İlk talebelikten Denizli hapsine
l884'de dünyaya gelen Seyyid Şefik Arvasî,Bediüzzaman'ın eski dost ve talebelerinden bir zattı. Kendisi Bitlis'in Hizan kazasının Arvas köyünde doğmuştu. Nur'lardan ilk eser olan İşaratü'l-İcaz'ın muhatabı ve kâtiplerindendir. Van'da Horhor Medresesinde de Bediüzzaman'a talebelik yapmıştır. l943'teki Denizli hapsinde o da Üstad'ıyla birlikte dokuz ay mevkuf bulunmuş ve sonunda beraat etmiştir. Denizli'ye götürülmeden evvel 4l gün İstanbul Emniyet Müdürlüğünde bulunmuş, sonra da Denizli'ye sevk edilmiştir. Denizli'den verilen beraat kararında ismi Mehmed Şerif Eryuvası diye geçmektedir. Burada iki yanlış bir aradadır. Soy ismi alırken cahil memur, Arvasî'yi Eryuvası diye yazmış, mahkemeciler ise Şefik'i Şerif diye yazmışlardır.
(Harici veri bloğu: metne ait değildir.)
lemma sum_power_agreements:
  fixes x :: "'a :: comm_semiring_1"
  shows "(\<Sum>s | length s = m. x ^ agreements g s) = (1 + x) ^ m"
proof (induction m arbitrary: g)
  case 0
  then show ?case by (simp add: agreements_def)
next
  case (Suc m)
  have inj: "inj_on (\<lambda>(b, s). b # s) (UNIV \<times> {s :: bool list. length s = m})"
    by (auto simp: inj_on_def)
  have "(\<Sum>s | length s = Suc m. x ^ agreements g s)
      = (\<Sum>b\<in>UNIV. \<Sum>s | length s = m. x ^ agreements g (b # s))"
    unfolding bool_lists_length_Suc sum.reindex[OF inj]
    by (simp add: sum.cartesian_product split_beta)
  also have "\<dots> = (\<Sum>b\<in>UNIV. x ^ (if g 0 = b then 1 else 0) * (1 + x) ^ m)"
    by (simp add: agreements_Cons power_add sum_distrib_left[symmetric] Suc.IH)
  also have "\<dots> = (1 + x) ^ Suc m"
    by (simp add: UNIV_bool algebra_simps)
  finally show ?case .
qed

lemma card_many_agreements_le:
  fixes \<theta> :: real
  assumes x: "x > 1"
  shows "real (card {s. length s = m \<and> \<theta> * m \<le> agreements g s}) \<le> ((1 + x) / x powr \<theta>) ^ m"
proof -
  define B where "B = {s. length s = m \<and> \<theta> * m \<le> agreements g s}"
  have "real (card B) * (x powr \<theta>) ^ m = (\<Sum>s\<in>B. x powr (\<theta> * m))"
    using x by (simp add: powr_realpow[symmetric] powr_powr)
  also have "\<dots> \<le> (\<Sum>s\<in>B. x ^ agreements g s)"
  proof (rule sum_mono)
    fix s assume "s \<in> B"
    then have "x powr (\<theta> * m) \<le> x powr real (agreements g s)"
      using x by (intro powr_mono) (auto simp: B_def)
    then show "x powr (\<theta> * m) \<le> x ^ agreements g s"
      using x by (simp add: powr_realpow)
  qed
  also have "\<dots> \<le> (\<Sum>s | length s = m. x ^ agreements g s)"
    using x by (intro sum_mono2[OF finite_bool_lists_length]) (auto simp: B_def)
  also have "\<dots> = (1 + x) ^ m"
    by (rule sum_power_agreements)
  finally show ?thesis
    using x by (simp add: B_def power_divide pos_le_divide_eq)
qed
Eyüp Sultan'da Bostan iskelesindeki tekke meşrutasında ikamet etmekteydi. l970 senesinin l3 Mart'ında ebediyete intikal etmiş ve Edirnekapı Şehitliğindeki makberine tavdî edilmiştir. Vefatından altı ay evvel, doktor olan oğlu Isparta yolunda bir trafik kazasında can vermiştir. Şeyh Sami Efendi kendisine bu acı hâdiseyi münasip bir lisanla anlatmak için geldiği zaman, merhum kerametle Sami Efendiye Yakup Aleyhisselâmın kıssasını anlatmış, Yusuf Aleyhisselâmdan ayrılışını bildirmiş.
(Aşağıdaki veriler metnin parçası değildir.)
text \<open>Both h m and inv h m lie in the support along with its largest element m, and one of
  them exceeds m.\<close>
lemma gr_lmult_fixed_imp_zero:
  assumes R: "R \<in> orderings G" and h: "h \<in> carrier G" "h \<noteq> \<one>"
    and e: "finite_support e" "\<And>x. x \<notin> carrier G \<Longrightarrow> e x = 0" and fixed: "gr_lmult G h e = e"
  shows "e = (\<lambda>x. 0)"
proof (rule ccontr)
  assume "e \<noteq> (\<lambda>x. 0)"
  define S where "S = {x. e x \<noteq> 0}"
  have S: "finite S" "S \<noteq> {}" "S \<subseteq> carrier G"
    using e \<open>e \<noteq> (\<lambda>x. 0)\<close> unfolding S_def finite_support_def by auto
  obtain m where m: "m \<in> S" and m_max: "\<And>y. y \<in> S \<Longrightarrow> y \<noteq> m \<Longrightarrow> (y, m) \<in> R"
    using ordering_finite_has_max[OF R S] by blast
  have mG: "m \<in> carrier G" using m S(3) by blast
  have e_inv: "e (inv h \<otimes> x) = e x" if "x \<in> carrier G" for x
    using fun_cong[OF fixed, of x] that by (simp add: gr_lmult_def)
  have "e (h \<otimes> m) = e m" using e_inv[of "h \<otimes> m"] h mG by (simp add: m_assoc[symmetric])
  then have "h \<otimes> m \<in> S" using m unfolding S_def by simp
  moreover have "h \<otimes> m \<noteq> m" using h mG by simp
  ultimately have up: "(h \<otimes> m, m) \<in> R" by (rule m_max)
  have "inv h \<otimes> m \<in> S" using m e_inv[OF mG] unfolding S_def by simp
  moreover have "inv h \<otimes> m \<noteq> m" using h mG by simp
  ultimately have "(inv h \<otimes> m, m) \<in> R" by (rule m_max)
  from orderingsD(5)[OF R h(1) _ mG this] have down: "(m, h \<otimes> m) \<in> R"
    using h mG by (simp add: m_assoc[symmetric])
  from transD[OF orderingsD(2)[OF R] up down] show False
    using orderingsD(3)[OF R] by (simp add: irrefl_def)
qed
Seyyid Şefik Efendi eskiden Osmanlılar zamanında İstanbul'a gelip yerleşmişti. Fatih Medresesindeki Sahn kısmında yapılan bir imtihana sekiz yüz kişi katılmış, bunlardan sadece sekiz kişi imtihanı kazanmıştı. Bu sekiz kişiden birisi de Seyyid Şefik Efendi idi.
Sultan Ahmed Camii imamı
Uzun seneler İstanbul Müftülüğünde Mushafları Tedkik Heyeti reisi olarak bulunmuştu. Yine kendisi gibi Bediüzzaman'ın dostu ve talebesi olan Gönenli Mehmed Efendiden evvel Sultan Ahmed Camiinde imamdı. Bu baş imamlık vazifesini on yedi sene yaptı. Eyüp Camiinde tam kırk sene vaizlik vazifesinde bulundu. Bir eseri Peygamber Efendimizden Hutbeler ve Sohbetler ismiyle neşredildi. Bu kıymetli eserini "İnşaallah bana vesile-i Rahmet ve mağfiret, sebeb-i şefaat olacaktır" niyazı ile takdim etmektedir.
Nurlardaki Seyyid Şefik
Nur'ların muhtelif kısımlarında isim ve imzası bulunan bu mübarek zat, bir iftar vakti alınıp Denizli hapishanesine götürülmüştü. Barla mektuplarında ise Nur'lardan "Otuz Üçüncü Söz" hakkında hemşehrisi ve Üstad'ına hitaben şunları ifade ediyordu:
"Şifahane-i kalbinizden tulû eden 'Otuz Üçüncü Söz'ünüzle otuz üç cihetten marîz olan kalb-i mecruhumuzu tedavi buyurmanızı bilhassa istirham eylerim."
İşaratü'l-İ'caz'dan Barla mektuplarına kadar imzasını atan Mehmed Şefik Arvasî Efendinin mekânı ve makamı Cennet olsun.